# Ein Zufallsweg bzw. Weg in einer 2dim Matrix finden.



## 23 (28. Apr 2011)

Hallo,

ganz einfach:

Ich habe eine 2dim int Matrix, bei der alle Felder erstmal 0 sind. Ziel ist es von einem Punkt A zu einem Punkt B zugelangen. Ein gültiger Schritt in einem Weg wird durch den Wert 1 innerhalb eines Indexes repräsentiert, also z.B. auf (6,6) = 1.

Bestimmte Felder werden mit -1 belegt, -1 bedeutet hier darf kein Schritt vollführt werden, d.h. also hier kann keine 1 gesetzt werden.

Ein Feld der Matrix hat im idealen Fall 9 Nachbarfelder und diese dürfen als nächster Schritt erhalten.
*EDIT*
Nur 4 Nachbarn, digonal ist uninteressant!

Also wenn ich von (0,0) starte setz ich 1 in (0,0) und dann z.B. 1 in (0,1) danach 1 in (0,2) und wenn bei (0,3) das Ziel ist wäre ich da und ein Weg wäre gefunden.

Ich möchte nun von einem Punkt (5,5) zu (56,87) kommen. Wie implementiert man sowas?

Ich hoffe hier versteht was ich möchte, ich habe noch nichts implementiert...


```
package matrix;

public class Matrix {

	/** 4 rows and 7 columns **/
	private int [][] matrix = {
			{0,0,0,0,-1,0,0},
			{0,-1,0,0,0,0,0},	
			{0,-1,0,0,0,-1,0},	
			{0,0,-1,0,0,0,0},	
	};
	
	private int startRow;
	private int startColumn;
	
	private int targetRow;
	private int targetColumn;
	
	public Matrix() {
		
		startRow = 0;
		startColumn = 0;
		
		targetRow = 3;
		targetColumn = 6;
		
	}
	
	public static void main(String[] args) {
		

	}

}
```


----------



## andiv (28. Apr 2011)

Für das Finden von kürzesten Wegen in Graphen gibt es den Algorithmus von Dijkstra und den A*-Algorithmus.

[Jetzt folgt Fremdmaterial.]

(* Let $\mathscr G=(\mathscr V,\mathscr E)$ be a finite connected graph with $N$ vertices and $M\ge0$ an integer. The uniform saving model $(Z_t)$ on $\mathscr C_{N,M}$ has a unique stationary distribution $\pi_Z$, and $$\lim_{t\to\infty}P_\eta(Z_t=\xi)=\pi_Z(\xi)\quad\text{for all }\xi,\eta\in\mathscr C_{N,M},$$ where $P_\eta$ denotes the law of the process started from $Z_0=\eta$.
   Context: $\mathscr C_{N,M}$ is the set of maps $\xi:\mathscr V\to\mathbb N$ with $\sum_x\xi(x)=M$. The uniform saving model is the discrete-time Markov chain on $\mathscr C_{N,M}$: at each step an edge $(x,y)\in\mathscr E$ is chosen uniformly at random; independent $U_1$ uniform on $\{0,\dots,Z_t(x)\}$ and $U_2$ uniform on $\{0,\dots,Z_t(y)\}$ are drawn; given $U_1=c_x,U_2=c_y$, $U$ is drawn uniformly from $\{0,\dots,Z_t(x)+Z_t(y)-c_x-c_y\}$; then $Z_{t+1}(x)=c_x+U$, $Z_{t+1}(y)=Z_t(x)+Z_t(y)-c_x-U$, $Z_{t+1}(z)=Z_t(z)$ for $z\notin\{x,y\}$. *)

theory Defs
  imports "HOL-Probability.Probability_Mass_Function"
begin

definition configs :: "'a set \<Rightarrow> nat \<Rightarrow> ('a \<Rightarrow> nat) set" where
  "configs V M = {\<xi>. (\<forall>z. z \<notin> V \<longrightarrow> \<xi> z = 0) \<and> (\<Sum>x\<in>V. \<xi> x) = M}"

definition finite_connected_graph :: "'a set \<Rightarrow> ('a \<times> 'a) set \<Rightarrow> bool" where
  "finite_connected_graph V E \<longleftrightarrow> finite V \<and> V \<noteq> {} \<and> E \<subseteq> V \<times> V \<and>
     (\<forall>x. (x, x) \<notin> E) \<and> (\<forall>x\<in>V. \<forall>y\<in>V. (x, y) \<in> (E \<union> E\<inverse>)\<^sup>*)"

definition usm_step :: "('a \<times> 'a) set \<Rightarrow> ('a \<Rightarrow> nat) \<Rightarrow> ('a \<Rightarrow> nat) pmf" where
  "usm_step E \<xi> =
     (if E = {} then return_pmf \<xi> else
      bind_pmf (pmf_of_set E) (\<lambda>(x, y).
      bind_pmf (pmf_of_set {0..\<xi> x}) (\<lambda>cx.
      bind_pmf (pmf_of_set {0..\<xi> y}) (\<lambda>cy.
      bind_pmf (pmf_of_set {0..\<xi> x + \<xi> y - cx - cy}) (\<lambda>u.
      return_pmf (\<xi>(x := cx + u, y := \<xi> x + \<xi> y - cx - u)))))))"

definition usm_law :: "('a \<times> 'a) set \<Rightarrow> ('a \<Rightarrow> nat) \<Rightarrow> nat \<Rightarrow> ('a \<Rightarrow> nat) pmf" where
  "usm_law E \<eta> t = ((\<lambda>p. bind_pmf p (usm_step E)) ^^ t) (return_pmf \<eta>)"

definition usm_stationary :: "'a set \<Rightarrow> ('a \<times> 'a) set \<Rightarrow> nat \<Rightarrow> ('a \<Rightarrow> nat) pmf \<Rightarrow> bool" where
  "usm_stationary V E M \<pi> \<longleftrightarrow> set_pmf \<pi> \<subseteq> configs V M \<and> bind_pmf \<pi> (usm_step E) = \<pi>"

end

theory Submission
  imports Defs
begin

text \<open>
  The state space \<open>C\<^sub>N\<^sub>,\<^sub>M\<close> is finite and closed under the dynamics, every state keeps positive
  probability of staying put (choose \<open>U\<^sub>1 = U\<^sub>2 = 0\<close> and \<open>U = Z(x)\<close>), and by pushing the whole
  content of a vertex to a neighbour, mass can be transported along paths of the connected
  graph until it is concentrated at one fixed vertex \<open>v\<^sub>0\<close>. Hence there are \<open>k\<close> and \<open>\<delta> > 0\<close>
  such that from every state the concentrated configuration is reached in exactly \<open>k\<close> steps
  with probability at least \<open>\<delta>\<close>. This Doeblin condition makes the oscillation
  \<open>max\<^sub>x P\<^sub>x(Z\<^sub>t = \<xi>) - min\<^sub>x P\<^sub>x(Z\<^sub>t = \<xi>)\<close> decrease by the factor \<open>1 - \<delta>\<close> every \<open>k\<close> steps, so
  \<open>P\<^sub>x(Z\<^sub>t = \<xi>)\<close> converges to a limit independent of \<open>x\<close>; the limits form a stationary
  distribution, and any stationary distribution, being invariant under \<open>t\<close> steps, must equal it.
\<close>

section \<open>Finite Markov kernels satisfying a Doeblin condition\<close>

definition kernel_law :: "('b \<Rightarrow> 'b pmf) \<Rightarrow> 'b \<Rightarrow> nat \<Rightarrow> 'b pmf" where
  "kernel_law K x t = ((\<lambda>p. bind_pmf p K) ^^ t) (return_pmf x)"

definition stationary_on :: "'b set \<Rightarrow> ('b \<Rightarrow> 'b pmf) \<Rightarrow> 'b pmf \<Rightarrow> bool" where
  "stationary_on S K \<pi> \<longleftrightarrow> set_pmf \<pi> \<subseteq> S \<and> bind_pmf \<pi> K = \<pi>"

lemma kernel_law_0 [simp]: "kernel_law K x 0 = return_pmf x"
  by (simp add: kernel_law_def)

lemma kernel_law_Suc: "kernel_law K x (Suc t) = bind_pmf (kernel_law K x t) K"
  by (simp add: kernel_law_def)

lemma kernel_law_add: "kernel_law K x (j + t) = bind_pmf (kernel_law K x j) (\<lambda>z. kernel_law K z t)"
  by (induction t) (simp_all add: bind_return_pmf' kernel_law_Suc bind_assoc_pmf)

lemma set_pmf_kernel_law_subset:
  assumes "\<And>x. x \<in> S \<Longrightarrow> set_pmf (K x) \<subseteq> S" "x \<in> S"
  shows "set_pmf (kernel_law K x t) \<subseteq> S"
  using assms by (induction t) (auto simp: kernel_law_Suc)

lemma stationary_on_kernel_law:
  assumes "stationary_on S K \<pi>"
  shows "bind_pmf \<pi> (\<lambda>z. kernel_law K z t) = \<pi>"
proof (induction t)
  case (Suc t)
  have "bind_pmf \<pi> (\<lambda>z. kernel_law K z (Suc t)) = bind_pmf (bind_pmf \<pi> (\<lambda>z. kernel_law K z t)) K"
    by (simp add: kernel_law_Suc bind_assoc_pmf)
  with Suc assms show ?case by (simp add: stationary_on_def)
qed (simp add: bind_return_pmf')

Beide werden ausführlich in der Wikipedia beschrieben. Für einen zufälligen Weg kenn ich jetzt keinen fertigen Algorithmus, aber eventuell lässt sich einer der genannten leicht modifizieren um ein Zufallselement mit reinzubringen.


----------



## 23 (28. Apr 2011)

Hi,

kenne diesen Algo und der bringt hier nichts. Es geht nicht um den kürzesten Weg sondern um irgendein Weg.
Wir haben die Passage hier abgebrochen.